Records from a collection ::
********
lemma cos_sin_arccos_singvals_cs:
  assumes U: "U \<in> carrier_mat L L" "unitary_mat U" and V: "V \<in> carrier_mat L L" "unitary_mat V"
    and C: "C \<in> carrier_mat L L" "real_nonneg_diag C" and S: "S \<in> carrier_mat L L" "real_nonneg_diag S"
    and CS: "C * C + S * S = 1\<^sub>m L"
  shows "image_mset (\<lambda>\<theta>. (cos \<theta>, sin \<theta>)) (image_mset arccos (singvals (U * C * mat_adjoint V)))
      = mset (map (\<lambda>a. (Re (C $$ (a,a)), Re (S $$ (a,a)))) [0..<L])"
proof -
  have "singvals (U * C * mat_adjoint V) = mset (map (\<lambda>a. Re (C $$ (a,a))) [0..<L])"
    using U V unfolding unitary_mat_def orthonormal_cols_def by (intro singvals_svd C) auto
  then have "image_mset (\<lambda>\<theta>. (cos \<theta>, sin \<theta>)) (image_mset arccos (singvals (U * C * mat_adjoint V)))
      = mset (map (\<lambda>a. (cos (arccos (Re (C $$ (a,a)))), sin (arccos (Re (C $$ (a,a)))))) [0..<L])"
    by (simp add: multiset.map_comp comp_def)
  also have "\<dots> = mset (map (\<lambda>a. (Re (C $$ (a,a)), Re (S $$ (a,a)))) [0..<L])"
    by (rule arg_cong[where f = mset], rule map_cong[OF refl]) (use cos_sin_arccos_cs_pair[OF C S CS] in simp)
  finally show ?thesis .
qed

section \<open>One step of block GMRES\<close>

lemma block_hessenberg_leading_cols:
  assumes H: "H \<in> carrier_mat ((j+1)*L) (j*L)" and hess: "block_hessenberg L H" and L: "L \<ge> 1"
  shows "blk 0 0 ((j+1)*L) ((j-1)*L) H = embed_mat ((j+1)*L) (j*L) 0 * blk 0 0 (j*L) ((j-1)*L) H"
proof -
  have "embed_mat ((j+1)*L) (j*L) 0 * blk 0 0 (j*L) ((j-1)*L) (blk 0 0 ((j+1)*L) ((j-1)*L) H)
      = blk 0 0 ((j+1)*L) ((j-1)*L) H"
  proof (rule embed_mat_blk[OF blk_carrier])
    fix a b assume ab: "a < (j+1)*L" "b < (j-1)*L" "\<not> (0 \<le> a \<and> a < 0 + j*L)"
    then have "j*L div L \<le> a div L" by (intro div_le_mono) simp
    then have "j \<le> a div L" using L by simp
    moreover have "b div L < j - 1" using ab(2) by (rule less_mult_imp_div_less)
    moreover have "b < j*L" using ab(2) by (meson diff_le_self less_le_trans mult_le_mono1)
    ultimately show "blk 0 0 ((j+1)*L) ((j-1)*L) H $$ (a,b) = 0"
      using hess H ab unfolding block_hessenberg_def by auto
  qed simp
  then show ?thesis by (simp add: blk_blk)
qed
(* Let $F$ be an algebraically closed field of characteristic $\neq 2$, $R=F[t]$ with the involution ${}^*$ described in the context, and let $A\in M_2(R)$ satisfy $A^*=-A$, $\det(A)\neq 0$ and $\gcd(A)=1$. Then $A$ is congruent to a matrix with zero diagonal, i.e. there is $S\in\mathrm{GL}_2(R)$ such that both diagonal entries of $S^*AS$ are $0$.
   Context: $R=F[t]$ is the polynomial ring over $F$, and ${}^*$ is the $F$-algebra involution of $R$ that is the identity on $F$ and sends $t$ to $-t$. For $A=(a_{ij})\in M_n(R)$, $A^*$ is the matrix whose $(i,j)$ entry is $a_{ji}^*$. $A$ is skew-hermitian if $A^*=-A$. Congruence: $B=S^*AS$ for some $S\in\mathrm{GL}_n(R)$. $\gcd(A)$ denotes the monic generator (or $0$) of the ideal of $R$ generated by all entries of $A$. *)

theory Defs
  imports "HOL-Analysis.Analysis" "HOL-Computational_Algebra.Polynomial_Factorial"
begin

definition poly_inv :: "'a::comm_ring_1 poly \<Rightarrow> 'a poly" where
  "poly_inv p = pcompose p [:0, -1:]"

definition mat_star :: "'a::comm_ring_1 poly ^ 'n ^ 'm \<Rightarrow> 'a poly ^ 'm ^ 'n" where
  "mat_star A = (\<chi> i j. poly_inv (A $ j $ i))"

definition alg_closed_field :: "'a::field itself \<Rightarrow> bool" where
  "alg_closed_field _ \<longleftrightarrow> (\<forall>p::'a poly. degree p \<ge> 1 \<longrightarrow> (\<exists>x. poly p x = 0))"

end

theory Submission
  imports Defs
begin

(* A congruence with zero diagonal is the same as a basis (of determinant 1) consisting of
   isotropic vectors for the form h(v, w) = v* A w.

   If det A is a nonzero constant, the Euclidean algorithm applied to the (1,1) entry, performed
   by congruences, produces a unimodular isotropic vector v. Completing v to a basis (v, w), the
   identity h(v,v) h(w,w) - h(v,w) h(w,v) = det A forces h(v,w) to be a constant, and adding a
   suitable multiple of v to w makes w isotropic as well (here 2 must be invertible).

   In general P = det A is even with P(0) <> 0, so over an algebraically closed field
   P = c beta beta* with beta and beta* coprime. Since the entries of A have no common root,
   there is a unimodular w with A w = 0 modulo P. In a basis (v, w), rescaling v by beta* turns h
   into P times a form C of constant determinant. An isotropic vector of C whose second
   coordinate is prime to beta* yields a unimodular isotropic s for A such that h(s,t) is prime
   to its conjugate for any completion (s, t), and again t can be corrected to be isotropic. *)

section \<open>The involution\<close>

lemma poly_inv_add [simp]: "poly_inv (p + q) = poly_inv p + poly_inv q"
  by (simp add: poly_inv_def pcompose_add)

lemma poly_inv_mult [simp]: "poly_inv (p * q) = poly_inv p * poly_inv q"
  by (simp add: poly_inv_def pcompose_mult)

lemma poly_inv_minus [simp]: "poly_inv (- p) = - poly_inv p"
  by (simp add: poly_inv_def pcompose_uminus)

lemma poly_inv_diff [simp]: "poly_inv (p - q) = poly_inv p - poly_inv q"
  by (simp add: poly_inv_def pcompose_diff)

lemma poly_inv_const [simp]: "poly_inv [:c:] = [:c:]"
  by (simp add: poly_inv_def)

lemma poly_inv_0 [simp]: "poly_inv 0 = 0"
  by (simp add: poly_inv_def)

lemma poly_inv_1 [simp]: "poly_inv 1 = 1"
  by (simp add: poly_inv_def pcompose_1)

lemma poly_inv_smult [simp]: "poly_inv (smult c p) = smult c (poly_inv p)"
  by (simp add: poly_inv_def pcompose_smult)

lemma poly_inv_sum [simp]: "poly_inv (\<Sum>i\<in>I. f i) = (\<Sum>i\<in>I. poly_inv (f i))"
  by (induction I rule: infinite_finite_induct) simp_all

lemma poly_inv_prod [simp]: "poly_inv (\<Prod>i\<in>I. f i) = (\<Prod>i\<in>I. poly_inv (f i))"
  by (induction I rule: infinite_finite_induct) simp_all

lemma poly_inv_of_int [simp]: "poly_inv (of_int k) = of_int k"
  by (metis of_int_poly poly_inv_const)

lemma poly_inv_poly_inv [simp]: "poly_inv (poly_inv p) = p"
  by (simp add: poly_inv_def pcompose_assoc [symmetric] pcompose_pCons)

lemma poly_poly_inv [simp]: "poly (poly_inv p) x = poly p (- x)"
  by (simp add: poly_inv_def poly_pcompose)
lemma p_de_le_1:
  fixes M :: "'a::finite stream measure"
  assumes "seq_prob M"
  shows "p_de M d \<epsilon> \<nu> \<le> 1"
proof -
  have "p_de M d \<epsilon> \<nu> \<le> liminf (\<lambda>l. 1)"
    unfolding p_de_def by (rule Liminf_mono) (simp add: p_lde_le_1[OF assms])
  then show ?thesis by (simp add: Liminf_const)
qed

lemma p_de_mono:
  fixes \<nu> :: "'a::finite stream measure"
  assumes "seq_prob \<nu>" "d \<le> d'" "\<epsilon>' \<le> \<epsilon>"
  shows "p_de M d' \<epsilon>' \<nu> \<le> p_de M d \<epsilon> \<nu>"
  unfolding p_de_def p_lde_eq_sum_near_words
  by (intro Liminf_mono always_eventually allI ereal_less_eq(3)[THEN iffD2]
        sum_mono2 finite_near_words near_words_mono[OF assms] Pr_nonneg)

lemma ereal_p_nu_eq_INF:
  fixes M :: "'a::finite stream measure"
  assumes M: "seq_prob M" and \<nu>: "seq_prob \<nu>"
  shows "ereal (p_nu M \<nu>) = (INF d. INF \<epsilon>\<in>{0<..}. p_de M d \<epsilon> \<nu>)"
proof -
  \<comment> \<open>\<open>p_de\<close> increases with \<open>\<epsilon>\<close> and decreases with \<open>d\<close>, so both limits defining \<open>p_nu\<close> are infima\<close>
  define g where "g d = (INF \<epsilon>\<in>{0<..}. p_de M d \<epsilon> \<nu>)" for d
  have ereal_real_01: "ereal (real_of_ereal x) = x" if "0 \<le> x" "x \<le> 1" for x :: ereal
    using that by (cases x) auto
  have g_bounds: "0 \<le> g d" "g d \<le> 1" for d
    unfolding g_def using p_de_le_1[OF M, of d 1 \<nu>]
    by (auto intro: INF_greatest p_de_nonneg INF_lower2[of 1])
  have "((\<lambda>\<epsilon>. p_de M d \<epsilon> \<nu>) \<longlongrightarrow> g d) (at_right 0)" for d
    unfolding g_def by (rule tendsto_INF_at_right) (simp add: p_de_mono[OF \<nu>])
  then have "((\<lambda>\<epsilon>. real_of_ereal (p_de M d \<epsilon> \<nu>)) \<longlongrightarrow> real_of_ereal (g d)) (at_right 0)" for d
    by (intro lim_real_of_ereal) (simp add: ereal_real_01[OF g_bounds])
  then have inner: "Lim (at_right 0) (\<lambda>\<epsilon>. real_of_ereal (p_de M d \<epsilon> \<nu>)) = real_of_ereal (g d)" for d
    by (intro tendsto_Lim) simp_all
  have "decseq g"
    unfolding g_def by (intro decseq_SucI INF_mono' p_de_mono[OF \<nu>]) simp_all
  then have "g \<longlonglongrightarrow> (INF d. g d)"
    by (rule LIMSEQ_INF)
  moreover have INF_g_bounds: "0 \<le> (INF d. g d)" "(INF d. g d) \<le> 1"
    using g_bounds by (auto intro: INF_greatest INF_lower2)
  ultimately have "(\<lambda>d. real_of_ereal (g d)) \<longlonglongrightarrow> real_of_ereal (INF d. g d)"
    by (intro lim_real_of_ereal) (simp add: ereal_real_01)
  then have "p_nu M \<nu> = real_of_ereal (INF d. g d)"
    unfolding p_nu_def inner by (rule limI)
  then show ?thesis
    using INF_g_bounds by (simp add: g_def[symmetric] ereal_real_01)
qed

lemma p_nu_le_p_de:
  fixes M :: "'a::finite stream measure"
  assumes "seq_prob M" "seq_prob \<nu>" "0 < \<epsilon>"
  shows "ereal (p_nu M \<nu>) \<le> p_de M d \<epsilon> \<nu>"
  unfolding ereal_p_nu_eq_INF[OF assms(1,2)] using assms(3) by (auto intro: INF_lower2)

lemma le_p_nu_if_le_p_de:
  fixes M :: "'a::finite stream measure"
  assumes "seq_prob M" "seq_prob \<nu>" "\<And>d \<epsilon>. 0 < \<epsilon> \<Longrightarrow> ereal c \<le> p_de M d \<epsilon> \<nu>"
  shows "c \<le> p_nu M \<nu>"
proof -
  have "ereal c \<le> ereal (p_nu M \<nu>)"
    unfolding ereal_p_nu_eq_INF[OF assms(1,2)] by (auto intro!: INF_greatest assms(3))
  then show ?thesis by simp
qed

lemma mem_Qplus_iff:
  fixes M :: "'a::finite stream measure"
  assumes "seq_prob M"
  shows "\<nu> \<in> Qplus M \<longleftrightarrow> seq_prob \<nu> \<and> 0 < p_nu M \<nu>"
proof -
  have "0 < p_de M d \<epsilon> \<nu>" if "seq_prob \<nu>" "0 < p_nu M \<nu>" "0 < \<epsilon>" for d \<epsilon>
  proof -
    have "(0::ereal) < ereal (p_nu M \<nu>)" using that(2) by simp
    also have "\<dots> \<le> p_de M d \<epsilon> \<nu>" by (rule p_nu_le_p_de[OF assms that(1,3)])
    finally show ?thesis .
  qed
  then show ?thesis by (auto simp: Qplus_def accumulation_state_def)
qed

section \<open>Lower bounds for the weights\<close>

lemma sum_near_words_le:
  fixes M :: "'a::finite stream measure" and g :: "'a list \<Rightarrow> real"
  assumes "finite Q" "disjoint_family_on (near_words M l d \<epsilon>) Q" "\<And>y. 0 \<le> g y"
  shows "(\<Sum>\<nu>\<in>Q. \<Sum>y\<in>near_words M l d \<epsilon> \<nu>. g y) \<le> (\<Sum>y\<in>{y. length y = l}. g y)"
proof -
  have "(\<Sum>\<nu>\<in>Q. \<Sum>y\<in>near_words M l d \<epsilon> \<nu>. g y) = (\<Sum>y\<in>(\<Union>\<nu>\<in>Q. near_words M l d \<epsilon> \<nu>). g y)"
    using assms(1,2) by (intro sum.UNION_disjoint[symmetric]) (auto simp: finite_near_words disjoint_family_on_def)
  also have "\<dots> \<le> (\<Sum>y\<in>{y. length y = l}. g y)"
    using assms(3) by (intro sum_mono2 finite_lists_length_eq_UNIV) (auto simp: near_words_def)
  finally show ?thesis .
qed

lemma near_words_snoc:
  fixes M :: "'a::finite stream measure"
  assumes M: "seq_prob M" and \<nu>: "seq_prob \<nu>" and y: "y \<in> near_words M l (Suc d) \<epsilon>' \<nu>"
    and small: "2 * \<epsilon>' \<le> Pr \<nu> [\<sigma>]" "4 * \<epsilon>' \<le> \<epsilon> * Pr \<nu> [\<sigma>]"
  shows "y @ [\<sigma>] \<in> near_words M (Suc l) d \<epsilon> (future \<nu> [\<sigma>])"
    and "(Pr \<nu> [\<sigma>] - \<epsilon>') * Pr M y \<le> Pr M (y @ [\<sigma>])"
proof -
  define \<mu> where "\<mu> = future M y"
  have y': "length y = l" "0 < Pr M y" "seq_prob \<mu>" "cyl_dist (Suc d) \<mu> \<nu> < \<epsilon>'"
    using y by (simp_all add: mem_near_words_iff \<mu>_def)
  have "\<bar>Pr \<mu> [\<sigma>] - Pr \<nu> [\<sigma>]\<bar> \<le> cyl_dist (Suc d) \<mu> \<nu>"
    by (rule Pr_diff_le_cyl_dist[OF y'(3) \<nu>]) simp
  then have \<mu>\<sigma>: "Pr \<nu> [\<sigma>] - \<epsilon>' < Pr \<mu> [\<sigma>]"
    using y'(4) by linarith
  have "0 < \<epsilon>'"
    using cyl_dist_nonneg y'(4) by (rule le_less_trans)
  then have pos: "0 < Pr \<nu> [\<sigma>]" "0 < Pr \<mu> [\<sigma>]" and half: "Pr \<nu> [\<sigma>] \<le> 2 * Pr \<mu> [\<sigma>]"
    using small(1) \<mu>\<sigma> by linarith+
  have Pr_snoc: "Pr M (y @ [\<sigma>]) = Pr \<mu> [\<sigma>] * Pr M y"
    using y'(2) by (simp add: \<mu>_def Pr_future[OF M y'(2)])
  show "(Pr \<nu> [\<sigma>] - \<epsilon>') * Pr M y \<le> Pr M (y @ [\<sigma>])"
    unfolding Pr_snoc using \<mu>\<sigma> y'(2) by (intro mult_right_mono) simp_all
  have "0 < Pr M (y @ [\<sigma>])"
    unfolding Pr_snoc using pos(2) y'(2) by simp
  then have future_snoc: "future M (y @ [\<sigma>]) = future \<mu> [\<sigma>]"
    unfolding \<mu>_def by (rule future_append[OF M])
  have "cyl_dist d (future \<mu> [\<sigma>]) (future \<nu> [\<sigma>]) \<le> 2 * cyl_dist (Suc d) \<mu> \<nu> / Pr \<mu> [\<sigma>]"
    by (rule cyl_dist_future_Cons_le[OF y'(3) pos(2) \<nu> pos(1)])
  also have "\<dots> < 4 * \<epsilon>' / (2 * Pr \<mu> [\<sigma>])"
    using y'(4) pos(2) by (simp add: divide_strict_right_mono)
  also have "\<dots> \<le> 4 * \<epsilon>' / Pr \<nu> [\<sigma>]"
    using half pos \<open>0 < \<epsilon>'\<close> by (intro divide_left_mono) simp_all
  also have "\<dots> \<le> \<epsilon>"
    using small(2) pos(1) by (simp add: pos_divide_le_eq)
  finally show "y @ [\<sigma>] \<in> near_words M (Suc l) d \<epsilon> (future \<nu> [\<sigma>])"
    using y'(1) \<open>0 < Pr M (y @ [\<sigma>])\<close> seq_prob_future[OF M \<open>0 < Pr M (y @ [\<sigma>])\<close>]
    by (simp add: mem_near_words_iff future_snoc)
qed

lemma sum_Pr_snoc_near_words_ge:
  fixes M :: "'a::finite stream measure"
  assumes M: "seq_prob M" and \<nu>: "seq_prob \<nu>" and y: "y \<in> near_words M l (Suc d) \<epsilon>' \<nu>"
    and A: "\<And>\<sigma>. \<sigma> \<in> A \<Longrightarrow> future \<nu> [\<sigma>] = \<nu>' \<and> 2 * \<epsilon>' \<le> Pr \<nu> [\<sigma>] \<and> 4 * \<epsilon>' \<le> \<epsilon> * Pr \<nu> [\<sigma>]"
  shows "(\<Sum>\<sigma>\<in>A. Pr \<nu> [\<sigma>] - \<epsilon>') * Pr M y
    \<le> (\<Sum>\<sigma>\<in>UNIV. if y @ [\<sigma>] \<in> near_words M (Suc l) d \<epsilon> \<nu>' then Pr M (y @ [\<sigma>]) else 0)"
proof -
  have "(\<Sum>\<sigma>\<in>A. Pr \<nu> [\<sigma>] - \<epsilon>') * Pr M y = (\<Sum>\<sigma>\<in>A. (Pr \<nu> [\<sigma>] - \<epsilon>') * Pr M y)"
    by (simp add: sum_distrib_right)
  also have "\<dots> \<le> (\<Sum>\<sigma>\<in>A. if y @ [\<sigma>] \<in> near_words M (Suc l) d \<epsilon> \<nu>' then Pr M (y @ [\<sigma>]) else 0)"
  proof (intro sum_mono)
    fix \<sigma> assume "\<sigma> \<in> A"
    then have \<sigma>: "future \<nu> [\<sigma>] = \<nu>'" "2 * \<epsilon>' \<le> Pr \<nu> [\<sigma>]" "4 * \<epsilon>' \<le> \<epsilon> * Pr \<nu> [\<sigma>]"
      using A by simp_all
    show "(Pr \<nu> [\<sigma>] - \<epsilon>') * Pr M y
      \<le> (if y @ [\<sigma>] \<in> near_words M (Suc l) d \<epsilon> \<nu>' then Pr M (y @ [\<sigma>]) else 0)"
      using near_words_snoc[OF M \<nu> y \<sigma>(2,3)] \<sigma>(1) by simp
  qed
  also have "\<dots> \<le> (\<Sum>\<sigma>\<in>UNIV. if y @ [\<sigma>] \<in> near_words M (Suc l) d \<epsilon> \<nu>' then Pr M (y @ [\<sigma>]) else 0)"
    by (intro sum_mono2) (simp_all add: Pr_nonneg)
  finally show ?thesis .
qed

lemma sum_p_lde_le_p_lde_Suc:
  fixes M :: "'a::finite stream measure"
  assumes M: "seq_prob M" and Q: "finite Q" "\<And>\<nu>. \<nu> \<in> Q \<Longrightarrow> seq_prob \<nu>"
    and disj: "disjoint_family_on (near_words M l (Suc d) \<epsilon>') Q"
    and A: "\<And>\<nu> \<sigma>. \<nu> \<in> Q \<Longrightarrow> \<sigma> \<in> A \<nu> \<Longrightarrow>
              future \<nu> [\<sigma>] = \<nu>' \<and> 2 * \<epsilon>' \<le> Pr \<nu> [\<sigma>] \<and> 4 * \<epsilon>' \<le> \<epsilon> * Pr \<nu> [\<sigma>]"
  shows "(\<Sum>\<nu>\<in>Q. (\<Sum>\<sigma>\<in>A \<nu>. Pr \<nu> [\<sigma>] - \<epsilon>') * p_lde M l (Suc d) \<epsilon>' \<nu>) \<le> p_lde M (Suc l) d \<epsilon> \<nu>'"
proof -
  define N' where "N' = near_words M (Suc l) d \<epsilon> \<nu>'"
  define g where "g y = (\<Sum>\<sigma>\<in>UNIV. if y @ [\<sigma>] \<in> N' then Pr M (y @ [\<sigma>]) else 0)" for y
  have g_ge: "(\<Sum>\<sigma>\<in>A \<nu>. Pr \<nu> [\<sigma>] - \<epsilon>') * Pr M y \<le> g y"
    if "\<nu> \<in> Q" "y \<in> near_words M l (Suc d) \<epsilon>' \<nu>" for \<nu> y
    unfolding g_def N'_def using that by (intro sum_Pr_snoc_near_words_ge[OF M Q(2)] A)
  have "(\<Sum>\<nu>\<in>Q. (\<Sum>\<sigma>\<in>A \<nu>. Pr \<nu> [\<sigma>] - \<epsilon>') * p_lde M l (Suc d) \<epsilon>' \<nu>)
      = (\<Sum>\<nu>\<in>Q. \<Sum>y\<in>near_words M l (Suc d) \<epsilon>' \<nu>. (\<Sum>\<sigma>\<in>A \<nu>. Pr \<nu> [\<sigma>] - \<epsilon>') * Pr M y)"
    by (simp add: p_lde_eq_sum_near_words sum_distrib_left)
  also have "\<dots> \<le> (\<Sum>\<nu>\<in>Q. \<Sum>y\<in>near_words M l (Suc d) \<epsilon>' \<nu>. g y)"
    by (intro sum_mono g_ge)
  also have "\<dots> \<le> (\<Sum>y\<in>{y. length y = l}. g y)"
    by (rule sum_near_words_le[OF Q(1) disj]) (simp add: g_def sum_nonneg Pr_nonneg)
  also have "\<dots> = (\<Sum>z\<in>{z. length z = Suc l}. if z \<in> N' then Pr M z else 0)"
    unfolding g_def by (rule sum_length_eq_snoc)
  also have "\<dots> = (\<Sum>z\<in>{z. length z = Suc l} \<inter> N'. Pr M z)"
    by (simp add: sum.inter_restrict finite_lists_length_eq_UNIV)
  also have "{z. length z = Suc l} \<inter> N' = N'"
    by (auto simp: N'_def near_words_def)
  finally show ?thesis
    by (simp add: p_lde_eq_sum_near_words N'_def)
qed
lemma cubeX_borel: "cubeX N x \<in> sets borel"
proof -
  have "cubeX N x = {y. \<forall>k\<in>UNIV. x$k \<le> y$k \<and> y$k < x$k + 1 / (real N)^2}"
    by (simp add: cubeX_def)
  also have "\<dots> \<in> sets borel" by measurable
  finally show ?thesis .
qed

lemma cubeV_borel: "cubeV N v \<in> sets borel"
proof -
  have "cubeV N v = {y. \<forall>k\<in>UNIV. v$k \<le> y$k \<and> y$k < v$k + 1 / real N}"
    by (simp add: cubeV_def)
  also have "\<dots> \<in> sets borel" by measurable
  finally show ?thesis .
qed

lemma cubeX_times_cubeV_borel:
  "cubeX N x \<times> cubeV N v \<in> sets (borel :: ((real^'d) \<times> (real^'d)) measure)"
  using pair_measureI[OF cubeX_borel cubeV_borel] by (simp only: borel_prod)

lemma grid_cells_eq:
  fixes a b z q :: real
  assumes "0 \<le> q" "a * q \<in> \<int>" "b * q \<in> \<int>"
    and "a \<le> z" "z < a + 1 / q" "b \<le> z" "z < b + 1 / q"
  shows "a = b"
proof -
  have q: "q > 0" using assms by (cases "q = 0") auto
  have "\<bar>a - b\<bar> * q < 1 / q * q"
    using assms q by (intro mult_strict_right_mono) auto
  then have "\<bar>a * q - b * q\<bar> < 1"
    using q by (simp add: abs_mult flip: left_diff_distrib)
  then show ?thesis
    using Ints_eq_abs_less1[OF assms(2,3)] q by simp
qed

lemma disjoint_family_on_cubeX: "disjoint_family_on (cubeX N) (Xlat N)"
proof (unfold disjoint_family_on_def, intro ballI impI equals0I)
  fix x y z assume xy: "x \<in> Xlat N" "y \<in> Xlat N" "x \<noteq> y"
    and z: "z \<in> cubeX N x \<inter> cubeX N y"
  obtain k where k: "x$k \<noteq> y$k" using xy(3) by (metis vec_eq_iff)
  from z have "x$k = y$k"
    using xy by (intro grid_cells_eq[where q = "(real N)^2" and z = "z$k"])
      (auto simp: Xlat_def cubeX_def)
  with k show False ..
qed

lemma disjoint_family_on_cubeV: "disjoint_family_on (cubeV N) (Vlat N)"
proof (unfold disjoint_family_on_def, intro ballI impI equals0I)
  fix v w z assume vw: "v \<in> Vlat N" "w \<in> Vlat N" "v \<noteq> w"
    and z: "z \<in> cubeV N v \<inter> cubeV N w"
  obtain k where k: "v$k \<noteq> w$k" using vw(3) by (metis vec_eq_iff)
  from z have "v$k = w$k"
    using vw by (intro grid_cells_eq[where q = "real N" and z = "z$k"])
      (auto simp: Vlat_def cubeV_def)
  with k show False ..
qed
********
Within the data above, the span starting at the line containing "p_nu_le_p_de[OF assms that(1,3)])" and ending at the line containing "l d \<epsilon>)" is to be retyped exactly, with no other lines.

    also have "\<dots> \<le> p_de M d \<epsilon> \<nu>" by (rule p_nu_le_p_de[OF assms that(1,3)])
    finally show ?thesis .
  qed
  then show ?thesis by (auto simp: Qplus_def accumulation_state_def)
qed

section \<open>Lower bounds for the weights\<close>

lemma sum_near_words_le:
  fixes M :: "'a::finite stream measure" and g :: "'a list \<Rightarrow> real"
  assumes "finite Q" "disjoint_family_on (near_words M l d \<epsilon>) Q" "\<And>y. 0 \<le> g y"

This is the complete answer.